Private lender vs hard money has been a long conversation that seems to have a common answer for which one is the best or maybe what the two entail. Through so many platforms related to real estate and money lending, the terms have been discussed and so many perspectives have been presented.
Basically, there are no set rules on when and how the terms should be used. However, it is important to understand when to say we’re dealing with hard and when we’re dealing with private money. Conventionally, private vs hard money could be only a discussion on naming terms that deal with local real estate loaning.
What we should however keep in mind is that the terms associated with real estate loaning vary as per the region. Anyhow, let’s find out more about hard money and private money.
Hard money is simply a loan that is determined by the underlying hard asset, often real estate assets. Therefore, a hard money lender is one who looks at the value of an asset and loans money according to the value underlying. In many cases, real estate assets are commonly used and they carry the whole value of the loan.
However, it is important to consider the fact that very few hard money lenders are trustworthy nowadays. The major attachments to the loan are basically the documentation for the property underlying. Some might be exactly the same documents that are required during any other conventional loaning process.
Private money is the money lent to a person to a private entity. The measure of value can be whichever criteria chosen by the lender as agreed upon by the borrower. Private money lenders can be either a person or a private company or any other organization or company. The means of finding the attached value can be as basic as any other determinant of trustworthiness.
What Do They Have in Common?
We may have realized that although the two seem to be so different in how they operate, there can still be something they share in common. They might be few but there is quite a similarity in what they consider and what they don’t.
In both private and hard money lending, there are no conventional rules that are set to govern the money lending process. The agreements that exist have got to do with what the two parties involved agree on.
However, in matters of money, there are some laws that cannot be bypassed whatsoever, therefore in both, there is the aspect of sticking to the laws of lending. Both private and hard money has to follow the lending laws despite the fact that the agreement is based on the two parties involved.
How Do We Differentiate Hard Money From Private Money?
Both the two have to do with one person’s organization lending out money to another or to a person. However, there might be some cases that will help us understand the scenario in real life better.

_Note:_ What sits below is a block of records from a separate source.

(* Let $S>0$, let $D$ be a finite multiset of items with sizes in $(0,S]$, let $k\ge1$ be an integer and $0<\epsilon\le 1/2$. Call an item large if its size exceeds $\epsilon S$ and small otherwise. Suppose the $k$ copies of all large items are packed into $L$ bins forming a valid partial $k$-times bin packing (each bin of total size at most $S$, no bin containing two copies of the same item). Suppose the $k$ copies of the small items are then inserted one at a time, each into some existing bin in which it fits and which contains no copy of the same item, a new bin being opened only when no such bin exists. Then the total number of bins used is at most $\max\{L,(1+2\epsilon)\,OPT(D_k)+k\}$.
   Context: $D_k$ is the collection of $k$ copies of each item of $D$. A $k$-times bin packing of $D$ assigns all copies in $D_k$ to bins such that each bin has total size at most $S$ and no bin contains two copies of the same item; $OPT(D_k)$ is the minimum number of bins in such a packing. *)

theory Defs
  imports Complex_Main
begin

text \<open>Items are the elements of a finite index set I (so equal sizes are allowed: D is a multiset
of sizes), with size function s. A bin is a set of items (a bin never contains two copies of
the same item, so it is determined by the set of items of which it holds a copy).\<close>

definition kpacking :: "'a set \<Rightarrow> ('a \<Rightarrow> real) \<Rightarrow> real \<Rightarrow> nat \<Rightarrow> 'a set list \<Rightarrow> bool" where
  "kpacking I s S k Bs \<longleftrightarrow>
     (\<forall>B\<in>set Bs. B \<subseteq> I \<and> sum s B \<le> S) \<and>
     (\<forall>i\<in>I. length (filter (\<lambda>B. i \<in> B) Bs) = k)"

definition OPT :: "'a set \<Rightarrow> ('a \<Rightarrow> real) \<Rightarrow> real \<Rightarrow> nat \<Rightarrow> nat" where
  "OPT I s S k = (LEAST m. \<exists>Bs. length Bs = m \<and> kpacking I s S k Bs)"

inductive insert_step :: "('a \<Rightarrow> real) \<Rightarrow> real \<Rightarrow> 'a set list \<Rightarrow> 'a \<Rightarrow> 'a set list \<Rightarrow> bool" where
  fit: "j < length Bs \<Longrightarrow> x \<notin> Bs ! j \<Longrightarrow> sum s (Bs ! j) + s x \<le> S \<Longrightarrow>
        insert_step s S Bs x (Bs[j := insert x (Bs ! j)])"
| new: "(\<forall>j<length Bs. x \<in> Bs ! j \<or> sum s (Bs ! j) + s x > S) \<Longrightarrow>
        insert_step s S Bs x (Bs @ [{x}])"

inductive insert_seq :: "('a \<Rightarrow> real) \<Rightarrow> real \<Rightarrow> 'a set list \<Rightarrow> 'a list \<Rightarrow> 'a set list \<Rightarrow> bool" where
  Nil: "insert_seq s S Bs [] Bs"
| Cons: "insert_step s S Bs x Bs' \<Longrightarrow> insert_seq s S Bs' xs Bs'' \<Longrightarrow> insert_seq s S Bs (x # xs) Bs''"

end

theory Submission
  imports Defs
begin

text \<open>Whenever a new bin is opened for a small copy x, every existing bin either holds a copy of x
(at most k - 1 of them, since a copy of x is still pending) or is filled beyond S - s x, which is at
least (1 - \<epsilon>) S. As the total load is at most the volume k \<Sigma> s \<le> OPT S, the number of bins at that
moment is at most k + OPT / (1 - \<epsilon>) \<le> k + (1 + 2\<epsilon>) OPT. If no bin is ever opened, L bins suffice.\<close>

definition copies :: "'a set list \<Rightarrow> 'a \<Rightarrow> nat" where
  "copies Bs i = length (filter (\<lambda>B. i \<in> B) Bs)"

definition holds_k_copies :: "'a set \<Rightarrow> nat \<Rightarrow> 'a set list \<Rightarrow> 'a list \<Rightarrow> bool" where
  "holds_k_copies I k Bs xs \<longleftrightarrow> (\<forall>i. copies Bs i + count_list xs i = (if i \<in> I then k else 0))"

lemma copies_eq_card: "copies Bs i = card {j. j < length Bs \<and> i \<in> Bs ! j}"
  by (simp add: copies_def length_filter_conv_card)

lemma copies_list_update:
  assumes "j < length Bs"
  shows "copies (Bs[j := B]) i + (if i \<in> Bs ! j then 1 else 0) = copies Bs i + (if i \<in> B then 1 else 0)"
  using assms
proof (induction Bs arbitrary: j)
  case Nil
  then show ?case by simp
next
  case (Cons B' Bs)
  then show ?case by (cases j) (auto simp: copies_def)
qed

lemma copies_insert_step:
  assumes "insert_step s S Bs x Bs'"
  shows "copies Bs' i = copies Bs i + (if i = x then 1 else 0)"
  using assms
proof cases
  case (fit j)
  then show ?thesis using copies_list_update[OF fit(2), of "insert x (Bs ! j)" i] by auto
next
  case new
  then show ?thesis by (simp add: copies_def)
qed

lemma holds_k_copies_insert_step:
  assumes "insert_step s S Bs x Bs'" and "holds_k_copies I k Bs (x # xs)"
  shows "holds_k_copies I k Bs' xs"
  unfolding holds_k_copies_def
proof
  fix i
  have "copies Bs' i + count_list xs i = copies Bs i + count_list (x # xs) i"
    using copies_insert_step[OF assms(1), of i] by auto
  then show "copies Bs' i + count_list xs i = (if i \<in> I then k else 0)"
    using assms(2) unfolding holds_k_copies_def by presburger
qed

lemma holds_k_copies_bin_subset:
  assumes "holds_k_copies I k Bs xs" and "B \<in> set Bs"
  shows "B \<subseteq> I"
proof
  fix i assume "i \<in> B"
  then have "copies Bs i \<noteq> 0" using assms(2) by (auto simp: copies_def filter_empty_conv)
  then show "i \<in> I" using assms(1) unfolding holds_k_copies_def by (metis add_is_0)
qed

lemma holds_k_copies_copies_le:
  assumes "holds_k_copies I k Bs xs"
  shows "copies Bs i \<le> k"
proof -
  have "copies Bs i + count_list xs i = (if i \<in> I then k else 0)"
    using assms unfolding holds_k_copies_def by blast
  then show ?thesis
    by (simp split: if_splits)
qed

lemma holds_k_copies_pending_copies_less:
  assumes "holds_k_copies I k Bs xs" and "x \<in> set xs"
  shows "copies Bs x < k"
proof -
  have "copies Bs x + count_list xs x = (if x \<in> I then k else 0)"
    using assms(1) unfolding holds_k_copies_def by blast
  moreover have "count_list xs x \<noteq> 0"
    using assms(2) by (simp add: count_list_0_iff)
  ultimately show ?thesis
    by (simp split: if_splits)
qed

lemma sum_list_load_eq:
  assumes "finite I" and "\<forall>B\<in>set Bs. B \<subseteq> I"
  shows "sum_list (map (sum s) Bs) = (\<Sum>i\<in>I. s i * real (copies Bs i))"
  using assms(2)
proof (induction Bs)
  case Nil
  then show ?case by (simp add: copies_def)
next
  case (Cons B Bs)
  have "sum s B = (\<Sum>i\<in>I. if i \<in> B then s i else 0)"
    using sum.inter_restrict[OF assms(1), of s B] Cons.prems by (simp add: Int_absorb1)
  with Cons show ?case
    by (simp add: copies_def sum.distrib[symmetric], intro sum.cong) (auto simp: algebra_simps)
qed

lemma holds_k_copies_load_le:
  assumes "holds_k_copies I k Bs xs" and "finite I" and "\<forall>i\<in>I. 0 \<le> s i"
  shows "sum_list (map (sum s) Bs) \<le> real k * sum s I"
proof -
  have "sum_list (map (sum s) Bs) = (\<Sum>i\<in>I. s i * real (copies Bs i))"
    using sum_list_load_eq[OF assms(2)] holds_k_copies_bin_subset[OF assms(1)] by blast
  also have "\<dots> \<le> (\<Sum>i\<in>I. s i * real k)"
    using holds_k_copies_copies_le[OF assms(1)] assms(3) by (intro sum_mono mult_left_mono) auto
  finally show ?thesis
    by (simp add: sum_distrib_left mult.commute)
qed

lemma kpacking_volume_le:
  assumes "finite I" and "kpacking I s S k Bs"
  shows "real k * sum s I \<le> real (length Bs) * S"
proof -
  have "real k * sum s I = (\<Sum>i\<in>I. s i * real (copies Bs i))"
    using assms(2) by (simp add: kpacking_def copies_def sum_distrib_left mult.commute)
  also have "\<dots> = sum_list (map (sum s) Bs)"
    using sum_list_load_eq[OF assms(1)] assms(2) by (simp add: kpacking_def)
  also have "\<dots> \<le> sum_list (map (\<lambda>_. S) Bs)"
    using assms(2) unfolding kpacking_def by (intro sum_list_mono) auto
  also have "\<dots> = real (length Bs) * S"
    by (simp add: sum_list_triv)
  finally show ?thesis .
qed

lemma kpacking_singletons:
  assumes "distinct l" and "\<forall>i\<in>set l. s i \<le> S"
  shows "kpacking (set l) s S k (concat (map (\<lambda>i. replicate k {i}) l))"
proof -
  have "length (filter (\<lambda>B. i \<in> B) (concat (map (\<lambda>j. replicate k {j}) l))) = k * count_list l i" for i
    by (induction l) auto
  moreover have "count_list l i = 1" if "i \<in> set l" for i
    using assms(1) that by (induction l) auto
  ultimately show ?thesis
    using assms(2) by (auto simp: kpacking_def)
qed

lemma OPT_attained:
  assumes "finite I" and "\<forall>i\<in>I. s i \<le> S"
  shows "\<exists>Bs. length Bs = OPT I s S k \<and> kpacking I s S k Bs"
proof -
  obtain l where "set l = I" and "distinct l"
    using finite_distinct_list[OF assms(1)] by blast
  then have "kpacking I s S k (concat (map (\<lambda>i. replicate k {i}) l))"
    using kpacking_singletons assms(2) by blast
  then have "\<exists>m Bs. length Bs = m \<and> kpacking I s S k Bs"
    by blast
  then show ?thesis
    unfolding OPT_def by (rule LeastI_ex)
qed

lemma volume_le_OPT:
  assumes "finite I" and "\<forall>i\<in>I. s i \<le> S"
  shows "real k * sum s I \<le> real (OPT I s S k) * S"
  using OPT_attained[OF assms, of k] kpacking_volume_le[OF assms(1)] by metis

lemma holds_k_copies_kpacking:
  assumes "kpacking J s S k Bs" and "\<forall>i. count_list xs i = (if i \<in> K then k else 0)"
    and "J \<inter> K = {}"
  shows "holds_k_copies (J \<union> K) k Bs xs"
  unfolding holds_k_copies_def
proof
  fix i
  have "copies Bs i = (if i \<in> J then k else 0)"
  proof (cases "i \<in> J")
    case False
    then have "filter (\<lambda>B. i \<in> B) Bs = []"
      using assms(1) unfolding kpacking_def by (auto simp: filter_empty_conv)
    with False show ?thesis
      by (simp add: copies_def)
  qed (use assms(1) in \<open>simp add: kpacking_def copies_def\<close>)
  then show "copies Bs i + count_list xs i = (if i \<in> J \<union> K then k else 0)"
    using assms(2,3) by auto
qed

lemma new_bin_length_bound:
  assumes full: "\<forall>j<length Bs. x \<in> Bs ! j \<or> sum s (Bs ! j) + s x > S"
    and inv: "holds_k_copies I k Bs (x # xs)"
    and "finite I" and nonneg: "\<forall>i\<in>I. 0 \<le> s i" and "s x \<le> t" and "t < S"
  shows "real (length Bs) + 1 \<le> real k + real k * sum s I / (S - t)"
proof -
  define m where "m = length Bs"
  define J where "J = {j. j < m \<and> x \<notin> Bs ! j}"
  have load_nonneg: "0 \<le> sum s (Bs ! j)" if "j < m" for j
    using holds_k_copies_bin_subset[OF inv] nonneg that unfolding m_def
    by (meson nth_mem subset_iff sum_nonneg)
  have "J \<union> {j. j < m \<and> x \<in> Bs ! j} = {..<m}"
    unfolding J_def by auto
  then have "card J + copies Bs x = m"
    unfolding copies_eq_card m_def by (subst card_Un_disjoint[symmetric]) (auto simp: J_def)
  moreover have "copies Bs x < k"
    using holds_k_copies_pending_copies_less[OF inv] by simp
  ultimately have "real m + 1 \<le> real k + real (card J)"
    by linarith
  moreover have "real (card J) * (S - t) \<le> real k * sum s I"
  proof -
    have "real (card J) * (S - t) = (\<Sum>j\<in>J. S - t)"
      by simp
    also have "\<dots> \<le> (\<Sum>j\<in>J. sum s (Bs ! j))"
      using full \<open>s x \<le> t\<close> unfolding J_def m_def by (intro sum_mono) force
    also have "\<dots> \<le> (\<Sum>j<m. sum s (Bs ! j))"
      using load_nonneg by (intro sum_mono2) (auto simp: J_def)
    also have "\<dots> = sum_list (map (sum s) Bs)"
      by (simp add: m_def sum_list_sum_nth atLeast0LessThan)
    also have "\<dots> \<le> real k * sum s I"
      using holds_k_copies_load_le[OF inv \<open>finite I\<close> nonneg] .
    finally show ?thesis .
  qed
  then have "real (card J) \<le> real k * sum s I / (S - t)"
    using \<open>t < S\<close> by (simp add: pos_le_divide_eq)
  ultimately show ?thesis
    unfolding m_def by linarith
qed

lemma insert_seq_length_le:
  assumes "insert_seq s S Bs xs Bs'" and "holds_k_copies I k Bs xs"
    and "finite I" and "\<forall>i\<in>I. 0 \<le> s i" and "\<forall>y\<in>set xs. s y \<le> t" and "t < S"
  shows "real (length Bs') \<le> max (real (length Bs)) (real k + real k * sum s I / (S - t))"
  using assms
proof (induction rule: insert_seq.induct)
  case (Nil s S Bs)
  then show ?case by simp
next
  case (Cons s S Bs x Bs1 xs Bs2)
  have "real (length Bs1) \<le> max (real (length Bs)) (real k + real k * sum s I / (S - t))"
    using Cons.hyps(1)
  proof cases
    case fit
    then show ?thesis by simp
  next
    case new
    have "s x \<le> t"
      using Cons.prems(4) by simp
    then show ?thesis
      using new_bin_length_bound[OF new(2) Cons.prems(1-3) _ Cons.prems(5)] new(1) by simp
  qed
  moreover have "real (length Bs2) \<le> max (real (length Bs1)) (real k + real k * sum s I / (S - t))"
    using Cons.IH holds_k_copies_insert_step[OF Cons.hyps(1)] Cons.prems by simp
  ultimately show ?case
    by linarith
qed

lemma divide_one_minus_le:
  fixes \<epsilon> x :: real
  assumes "0 \<le> \<epsilon>" and "\<epsilon> \<le> 1/2" and "0 \<le> x"
  shows "x / (1 - \<epsilon>) \<le> (1 + 2 * \<epsilon>) * x"
proof -
  have "(1 + 2 * \<epsilon>) * (1 - \<epsilon>) = 1 + \<epsilon> * (1 - 2 * \<epsilon>)"
    by (simp add: algebra_simps)
  also have "\<dots> \<ge> 1"
    using assms(1,2) by simp
  finally have "1 \<le> (1 + 2 * \<epsilon>) * (1 - \<epsilon>)" .
  then have "x \<le> (1 + 2 * \<epsilon>) * x * (1 - \<epsilon>)"
    using mult_right_mono[OF _ assms(3)] by (metis mult.commute mult.left_commute mult_1)
  then show ?thesis
    using assms(2) by (simp add: pos_divide_le_eq)
qed

theorem lemma4:
  fixes I :: "'a set" and s :: "'a \<Rightarrow> real" and S \<epsilon> :: real and k L :: nat
    and Bs0 Bs :: "'a set list" and xs :: "'a list"
  assumes "S > 0" and "finite I" and "\<forall>i\<in>I. 0 < s i \<and> s i \<le> S"
    and "k \<ge> 1" and "0 < \<epsilon>" and "\<epsilon> \<le> 1/2"
    and "length Bs0 = L"
    and "kpacking {i\<in>I. s i > \<epsilon> * S} s S k Bs0"
    and "\<forall>i. count_list xs i = (if i \<in> {i\<in>I. s i \<le> \<epsilon> * S} then k else 0)"
    and "insert_seq s S Bs0 xs Bs"
  shows "real (length Bs) \<le> max (real L) ((1 + 2 * \<epsilon>) * real (OPT I s S k) + real k)"
proof -
  have "{i\<in>I. s i > \<epsilon> * S} \<union> {i\<in>I. s i \<le> \<epsilon> * S} = I"
    by auto
  then have "holds_k_copies I k Bs0 xs"
    using holds_k_copies_kpacking[OF assms(8,9)] by fastforce
  moreover have "\<forall>y\<in>set xs. s y \<le> \<epsilon> * S"
    using assms(9) by (metis (mono_tags, lifting) count_list_0_iff mem_Collect_eq)
  moreover have "\<epsilon> * S < S"
    using assms(1,6) by simp
  ultimately have "real (length Bs) \<le> max (real L) (real k + real k * sum s I / (S - \<epsilon> * S))"
    using insert_seq_length_le[OF assms(10) _ assms(2)] assms(3,7) by fastforce
  moreover have "real k * sum s I / (S - \<epsilon> * S) = real k * sum s I / S / (1 - \<epsilon>)"
    by (simp add: right_diff_distrib)
  moreover have "real k * sum s I / S \<le> real (OPT I s S k)"
    using volume_le_OPT[OF assms(2), of s S k] assms(1,3) by (simp add: pos_divide_le_eq)
  then have "real k * sum s I / S / (1 - \<epsilon>) \<le> real (OPT I s S k) / (1 - \<epsilon>)"
    using assms(6) by (intro divide_right_mono) auto
  moreover have "real (OPT I s S k) / (1 - \<epsilon>) \<le> (1 + 2 * \<epsilon>) * real (OPT I s S k)"
    using divide_one_minus_le assms(5,6) by simp
  ultimately show ?thesis
    by linarith
qed

end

In the first case, if for instance, a person has a friend who would trust them so much maybe because they’ve grown together and they would not trust any other person with their money, the person decides to lend their money to the person they trust, then that is clearly a private money lending case.
In another case, if there is a form that often advertises as hard money lenders and you get in terms until the lending process is complete, that would be a hard money lending case.
Note; a money lender is not a hard money lender until they identify as one and agree on that basis. Hard money lending can be based on personal trust and that would be perfectly a private monetary scenario.
Apart from the cases cited above, we might have some other underlying factors that might bring in a difference between hard and private money.
The rates may vary but sometimes comparison helps a lot. The rates are so great a determinant whenever we have private lender vs hard money lender discussion. Therefore, that’s to say, if the rates are similar to those of other hard money lenders, then that could be a hard money lender as well.
Do they advertise or not
A hard money lender would publicly identify as one. Therefore if one is willing to do the lending even on terms similar to private money ones but hasn’t publicly advertised as one, they would be better considered as private lenders.
Private Lender vs Hard Money – What to Note
There are still no common clear-cut definitions to term this discussion, a comparison bit at least there is so much to consider for both entities. There are so many factors also that might classify one case as both. However, we have to realize that there are factors that may make one say this is private money lending and the other one is hard money lending.
Note that a private lender is often a person we have knowledge of or maybe we’ve related for a long time making our time non-transactional. The lending is often out of trust between the two parties involved. The charging could be locally rated and therefore no need for so many laws to be applied.
You could also read about private lender interest rates.
Private Lender vs Hard Money – Conclusion
Private lender vs hard money lender can be a discussion that has very much to come up with every time it comes up.
However, we have seen the major aspects that classify the two lending entities and they are almost entirely dependent on the lending agreement between the two involved parties unlike in others that tend to apply all the loaning laws and so many other rules that govern the lending of money.
Taking all we have seen above into keen consideration could be very important to make sure there is so much we already know about what we intend to do as far as money lending is concerned especially in terms of private and hard money basis.
More could come up on the same as well, and most importantly we should follow up on what comes our way in terms of this discussion.